Violence in the city must be addressedDate: 7/31/2013 By G. Michael Dobbs
news@thereminder.com
I live in Springfield. My wife and I lived in Indian Orchard for nine years before buying our home in 1990. We live in working class, working poor neighborhood where, frankly, my biggest worry is what idiotic move one neighbor who owns several properties in the area will undertake next.
The news of a weekend of violent acts in the city have, as usual, brought out the snarky comments on website forums and the various critiques on Facebook, often from people who don’t live in the city, but take some sort of joy in bashing it.
If you’ve not heard, there were four shootings and stabbings in the city, none of them fatal, thank God. The Springfield police made an arrest in one of the incidents almost immediately after it happened. The question remains the same: how does a city with unemployment, a considerable dropout rate and a high rate of poverty deal with violence from gangs and drugs?
We’ve seen calls for the increase in the number of police in the city. We’ve seen innovative efforts such as the gun buy-back program to get weapons from getting onto the street. We’ve seen the addition of surveillance technology. We’ve seen redeployment of officers and new strategies.
And crime statistics over the past few years indicate there has been substantial progress in making the city safer.
In light of the recent events, certainly the strategies that are clearly being used need to be re-assessed.
There are measures, though, that are clearly outside of the efforts of the police.
We need to address the reasons people commit these kind of crimes.
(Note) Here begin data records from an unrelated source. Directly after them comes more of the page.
lemma below_L_presheaf: "y \<in> cobj A \<Longrightarrow> \<phi> y \<sqsubseteq> L_presheaf A X \<phi> y"
proof -
  assume y: "y \<in> cobj A"
  note F = sym_adjunction_typed[OF \<phi>]
  have "\<phi> y \<sqsubseteq> chom A y y \<cdot> \<phi> y"
    by (rule below_comp_unit_left[OF qcat_id_below[OF A y]]) (use F y in auto)
  also have "\<dots> \<sqsubseteq> L_presheaf A X \<phi> y" unfolding L_presheaf_eq[OF y]
    by (rule Join_image_upper[of y "cobj A" X "ctype A y" "\<lambda>y'. chom A y y' \<cdot> \<phi> y'", simplified])
      (use F y qcat_typed[OF A] in auto)
  finally show ?thesis .
qed

lemma dual_below_L_copresheaf: "y \<in> cobj A \<Longrightarrow> (\<phi> y)\<^sup>o \<sqsubseteq> L_copresheaf A X \<phi> y"
proof -
  assume y: "y \<in> cobj A"
  note F = sym_adjunction_typed[OF \<phi>]
  have "(\<phi> y)\<^sup>o \<sqsubseteq> (\<phi> y)\<^sup>o \<cdot> chom A y y"
    by (rule below_comp_unit_right[OF qcat_id_below[OF A y]]) (use F y in auto)
  also have "\<dots> \<sqsubseteq> L_copresheaf A X \<phi> y" unfolding L_copresheaf_def
    by (rule Join_image_upper[of y "cobj A" "ctype A y" X "\<lambda>y'. (\<phi> y')\<^sup>o \<cdot> chom A y' y", simplified])
      (use F y qcat_typed[OF A] in auto)
  finally show ?thesis .
qed

lemma comp_L_copresheaf_below:
  assumes z: "z \<in> cobj A" and b: "b \<in> cobj A"
  shows "\<phi> z \<cdot> L_copresheaf A X \<phi> b \<sqsubseteq> chom A z b"
proof -
  note F = sym_adjunction_typed[OF \<phi>]
  have "\<phi> z \<cdot> L_copresheaf A X \<phi> b = Join (ctype A b) (ctype A z) ((\<lambda>y. \<phi> z \<cdot> ((\<phi> y)\<^sup>o \<cdot> chom A y b)) ` cobj A)"
    unfolding L_copresheaf_def by (rule comp_Join_image_right) (use F qcat_typed[OF A] b z in auto)
  also have "\<dots> \<sqsubseteq> chom A z b"
  proof (rule Join_image_least)
    fix y assume y: "y \<in> cobj A"
    have "\<phi> z \<cdot> ((\<phi> y)\<^sup>o \<cdot> chom A y b) = (\<phi> z \<cdot> (\<phi> y)\<^sup>o) \<cdot> chom A y b"
      using F qcat_typed[OF A] b z y by (simp add: comp_assoc)
    also have "\<dots> \<sqsubseteq> chom A z y \<cdot> chom A y b"
      by (rule comp_mono_left[OF sym_adjunction_counit_below[OF \<phi> y z]]) (use F qcat_typed[OF A] b z y in auto)
    also have "\<dots> \<sqsubseteq> chom A z b" by (rule qcat_comp_below[OF A b y z])
    finally show "\<phi> z \<cdot> ((\<phi> y)\<^sup>o \<cdot> chom A y b) \<sqsubseteq> chom A z b" .
  qed (use F qcat_typed[OF A] b z in auto)
  finally show ?thesis .
qed

lemma L_presheaf_comp_below:
  assumes y: "y \<in> cobj A" and b: "b \<in> cobj A"
  shows "L_presheaf A X \<phi> b \<cdot> (\<phi> y)\<^sup>o \<sqsubseteq> chom A b y"
proof -
  note F = sym_adjunction_typed[OF \<phi>]
  have "L_presheaf A X \<phi> b \<cdot> (\<phi> y)\<^sup>o = Join (ctype A y) (ctype A b) ((\<lambda>y'. (chom A b y' \<cdot> \<phi> y') \<cdot> (\<phi> y)\<^sup>o) ` cobj A)"
    unfolding L_presheaf_eq[OF b] by (rule comp_Join_image_left) (use F qcat_typed[OF A] b y in auto)
  also have "\<dots> \<sqsubseteq> chom A b y"
  proof (rule Join_image_least)
    fix y' assume y': "y' \<in> cobj A"
    have "(chom A b y' \<cdot> \<phi> y') \<cdot> (\<phi> y)\<^sup>o = chom A b y' \<cdot> (\<phi> y' \<cdot> (\<phi> y)\<^sup>o)"
      using F qcat_typed[OF A] b y' y by (simp add: comp_assoc)
    also have "\<dots> \<sqsubseteq> chom A b y' \<cdot> chom A y' y"
      by (rule comp_mono_right[OF sym_adjunction_counit_below[OF \<phi> y y']]) (use F qcat_typed[OF A] b y y' in auto)
    also have "\<dots> \<sqsubseteq> chom A b y" by (rule qcat_comp_below[OF A y y' b])
    finally show "(chom A b y' \<cdot> \<phi> y') \<cdot> (\<phi> y)\<^sup>o \<sqsubseteq> chom A b y" .
  qed (use F qcat_typed[OF A] b y in auto)
  finally show ?thesis .
qed

lemma L_adjunction: "presheaf_adjunction A X (L_presheaf A X \<phi>) (L_copresheaf A X \<phi>)"
proof -
  note F = sym_adjunction_typed[OF \<phi>]
  have presheaf: "presheaf A X (L_presheaf A X \<phi>)"
    by (rule presheaf_Join[OF qcat_typed[OF A] F(1), of "cobj A" "ctype A" "\<lambda>y b. chom A b y" \<phi>])
      (use representable_presheaf[OF A] F L_presheaf_eq in auto)
  have copresheaf: "copresheaf A X (L_copresheaf A X \<phi>)"
    by (rule copresheaf_Join[OF qcat_typed[OF A] F(1), of "cobj A" "ctype A" "\<lambda>y b. chom A y b" "\<lambda>y. (\<phi> y)\<^sup>o"])
      (use representable_copresheaf[OF A] F in \<open>auto simp: L_copresheaf_def\<close>)
  have "idq X \<sqsubseteq> Join X X ((\<lambda>y. (\<phi> y)\<^sup>o \<cdot> \<phi> y) ` cobj A)"
    using presheaf_adjunctionD(10)[OF \<phi>] by simp
  also have "\<dots> \<sqsubseteq> Join X X ((\<lambda>y. L_copresheaf A X \<phi> y \<cdot> L_presheaf A X \<phi> y) ` cobj A)"
    by (rule Join_image_mono)
      (use F L_presheaf_typed L_copresheaf_typed
        in \<open>auto intro: comp_mono below_L_presheaf dual_below_L_copresheaf\<close>)
  finally have unit: "idq X \<sqsubseteq> Join X X ((\<lambda>y. L_copresheaf A X \<phi> y \<cdot> L_presheaf A X \<phi> y) ` cobj A)" .
  have counit: "L_presheaf A X \<phi> b' \<cdot> L_copresheaf A X \<phi> b \<sqsubseteq> chom A b' b"
    if b: "b \<in> cobj A" and b': "b' \<in> cobj A" for b b'
  proof -
    have "L_presheaf A X \<phi> b' \<cdot> L_copresheaf A X \<phi> b
        = Join (ctype A b) (ctype A b') ((\<lambda>y. L_presheaf A X \<phi> b' \<cdot> ((\<phi> y)\<^sup>o \<cdot> chom A y b)) ` cobj A)"
      unfolding L_copresheaf_def
      by (rule comp_Join_image_right) (use F qcat_typed[OF A] b b' L_presheaf_typed in auto)
    also have "\<dots> \<sqsubseteq> chom A b' b"
    proof (rule Join_image_least)
      fix y assume y: "y \<in> cobj A"
      have "L_presheaf A X \<phi> b' \<cdot> ((\<phi> y)\<^sup>o \<cdot> chom A y b) = (L_presheaf A X \<phi> b' \<cdot> (\<phi> y)\<^sup>o) \<cdot> chom A y b"
        using F qcat_typed[OF A] b b' y L_presheaf_typed[OF b'] by (simp add: comp_assoc)
      also have "\<dots> \<sqsubseteq> chom A b' y \<cdot> chom A y b"
        by (rule comp_mono_left[OF L_presheaf_comp_below[OF y b']]) (use F qcat_typed[OF A] b b' y L_presheaf_typed[OF b'] in auto)
      also have "\<dots> \<sqsubseteq> chom A b' b" by (rule qcat_comp_below[OF A b y b'])
      finally show "L_presheaf A X \<phi> b' \<cdot> ((\<phi> y)\<^sup>o \<cdot> chom A y b) \<sqsubseteq> chom A b' b" .
    qed (use F qcat_typed[OF A] b b' L_presheaf_typed[OF b'] in auto)
    finally show ?thesis .
  qed
  show ?thesis
    unfolding presheaf_adjunction_def using presheaf copresheaf unit counit by blast
qed

end

end

context
  fixes A :: "('a, 'o, 'm) qcat" and X \<phi> Y \<psi>
  assumes A: "qcat Q A"
    and \<phi>: "sym_adjunction (symz Q A) X \<phi>" and \<psi>: "sym_adjunction (symz Q A) Y \<psi>"
begin

lemma
  shows sym_hom_typed: "arr (sym_hom A Y \<psi> X \<phi>)" "src (sym_hom A Y \<psi> X \<phi>) = X"
      "trg (sym_hom A Y \<psi> X \<phi>) = Y"
    and L_hom_typed: "arr (L_hom A Y \<psi> X \<phi>)" "src (L_hom A Y \<psi> X \<phi>) = X" "trg (L_hom A Y \<psi> X \<phi>) = Y"
  using sym_adjunction_typed[OF A \<phi>] sym_adjunction_typed[OF A \<psi>] L_presheaf_typed[OF A \<phi>]
    L_copresheaf_typed[OF A \<psi>] qcat_typed[OF A]
  by (auto simp: L_hom_def sym_hom_def)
Having high unemployment and a high dropout rate does not help our level of criminal activity.
I believe that our problems began when we lost our manufacturing base in the city and the region. We have had a decline that started in 1962 when the Milton Bradley plant moved to East Longmeadow, in 1968 when the Springfield Armory closed and in 1970 when Westinghouse left.
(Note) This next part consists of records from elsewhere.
lemma path_fixing_meets_shortest_paths:
  assumes "F \<in> path_fixings V E" "u \<in> V" "v \<in> V" "u \<noteq> v"
  obtains P where "P \<in> F" "P \<in> shortest_paths V E u v"
proof -
  have "card (F \<inter> shortest_paths V E u v) = 1"
    using assms unfolding path_fixings_def by blast
  then show ?thesis
    using that by (metis card_1_singletonE insertI1 IntE)
qed

lemma path_fixing_memberE:
  assumes "F \<in> path_fixings V E" "P \<in> F"
  obtains u v where "u \<in> V" "v \<in> V" "u \<noteq> v" "P \<in> shortest_paths V E u v"
  using assms unfolding path_fixings_def all_shortest_paths_def
  by (auto split: if_splits)

lemma finite_path_fixing:
  assumes "simple_graph V E" "F \<in> path_fixings V E"
  shows "finite F"
proof -
  have "finite E"
    using assms(1) unfolding simple_graph_def
    by (auto intro: finite_subset[of E "Pow V"])
  moreover have "F \<subseteq> Pow E"
  proof
    fix P assume "P \<in> F"
    with assms(2) obtain u v where "P \<in> shortest_paths V E u v"
      by (elim path_fixing_memberE)
    then show "P \<in> Pow E"
      by (simp add: shortest_path_subset_edges)
  qed
  ultimately show ?thesis
    by (simp add: finite_subset)
qed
There are reactions when entry-level jobs are eliminated from an area and we are seeing it today.
Look at Holyoke, a city whose industrial decline started after WWII. Springfield is not alone. There are plenty of communities in the Northeast with the same problem.
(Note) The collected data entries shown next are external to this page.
(* Assume (A1) and (A3) of the context. Let $\hat\theta_S$ be a minimizer of the restricted problem $$\min_{\theta_S}\ \ell\Big(\begin{bmatrix}\theta_S\\0\end{bmatrix}\Big)+\lambda_{n_p}\sum_{t\in S}\|\theta_t\|$$ (parameters on $S^c$ set to zero). If $d\lambda_{n_p}\le\frac{\lambda_{\min}^2}{20\lambda_{3,\max}}$ and $\max_{t\in E}\|w_t\|\le\frac{\lambda_{n_p}}{4}$, where $w=-\nabla\ell(\theta^* )$, then $\|\theta^*_S-\hat\theta_S\|\le\frac{10}{\lambda_{\min}}\sqrt d\,\lambda_{n_p}$.
   Context: Let $E=\{(u,v):1\le v\le u\le m\}$, $D=b|E|$; $f:\mathbb{R}^m\to\mathbb{R}^D$ a feature map with blocks $f_t\in\mathbb{R}^b$; $\theta=(\theta_t)_{t\in E}$; for $A\subseteq E$, $\theta_A$ is the subvector of blocks in $A$. $\|\cdot\|$: Euclidean/spectral norm; $\Lambda_{\min}$ smallest eigenvalue; for a third-order array $T$, spectral norm $\sup\{|\sum T_{ijk}a_ib_jc_k|:\|a\|=\|b\|=\|c\|=1\}$. Given samples $x_p^{(1..n_p)}$ (from $P$) and $x_q^{(1..n_q)}$ (from $Q$), $\ell(\theta)=-\frac1{n_p}\sum_i\theta^\top f(x_p^{(i)})+\log\big(\frac1{n_q}\sum_i\exp(\theta^\top f(x_q^{(i)}))\big)$. $\theta^*$ is the true parameter of the density ratio model $p(x)=q(x)\exp(\theta^{*\top}f(x))/\mathbb{E}_Q[\exp(\theta^{*\top}f)]$, $S=\{t:\theta^*_t\ne0\}$, $S^c=E\setminus S$, $d=|S|$; $\mathcal I=\nabla^2\ell(\theta^* )$, $\mathcal I_{SS}$ its $S\times S$ block. (A1) With probability 1, $\Lambda_{\min}(\mathcal I_{SS})\ge\lambda_{\min}>0$. (A3) With probability 1, for all $\delta$ with $\|\delta\|\le\|\theta^*\|$: $\|\nabla^2\ell(\theta^*+\delta)\|\le\lambda_{\max}<\infty$ and $\max_{t\in E}$ spectral norm of $\nabla_{\theta_t}\nabla^2\ell(\theta^*+\delta)$ $\le\lambda_{3,\max}<\infty$. *)

theory Defs
  imports "HOL-Analysis.Analysis"
begin

text \<open>Parameter vectors theta in R^D are represented as real^'b^'e: one block
  (in R^b, index type 'b) for every edge t in E (index type 'e).  A coordinate of
  R^D is a pair (t, j) :: 'e \<times> 'b.\<close>

definition vc :: "real^'b^'e \<Rightarrow> 'e \<times> 'b \<Rightarrow> real" where
  "vc a c = a $ fst c $ snd c"

definition unitv :: "'e \<times> 'b \<Rightarrow> real^'b^'e" where
  "unitv c = (\<chi> t j. if (t, j) = c then 1 else 0)"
We need the kind of jobs that have been allowed to be systemically sent overseas.
I’m hoping for people to understand the manufacture of consumer goods must be part of a healthy American economy. We just can’t be a mixture of high tech and service jobs.
Luring jobs back to Western Massachusetts is a huge long-range effort that would include some radical restructuring of state and municipal tax bases. I’m afraid I don’t see that happening any time soon.
The state and nation’s drug policies are also a huge topic that requires review. How many of these crimes involve drugs somehow? How do we eliminate illegal drugs from our communities?
We’ve been talking about that since the 1970s. How much progress have we made? How do our drug policies compare with those of other countries? Could we learn form them?
So, in the meantime, we need to address violence in the city. Would additional surveillance assist the policing efforts? More cameras in locations identified as hot spots? Do we shut down bars that have been the location of violent acts? Do we attempt to bring in additional police? Should we bring back community policing? Create sub-stations in neighborhoods with high rates of crime? How are we going to pay for any new initiative?
What would you do?
Agree? Disagree? Drop me a line at news@thereminder.com or at 280 N. Main St., East Longmeadow, MA 01028. As always, this column represents the opinion of its author and not the publishers or advertisers of this newspaper.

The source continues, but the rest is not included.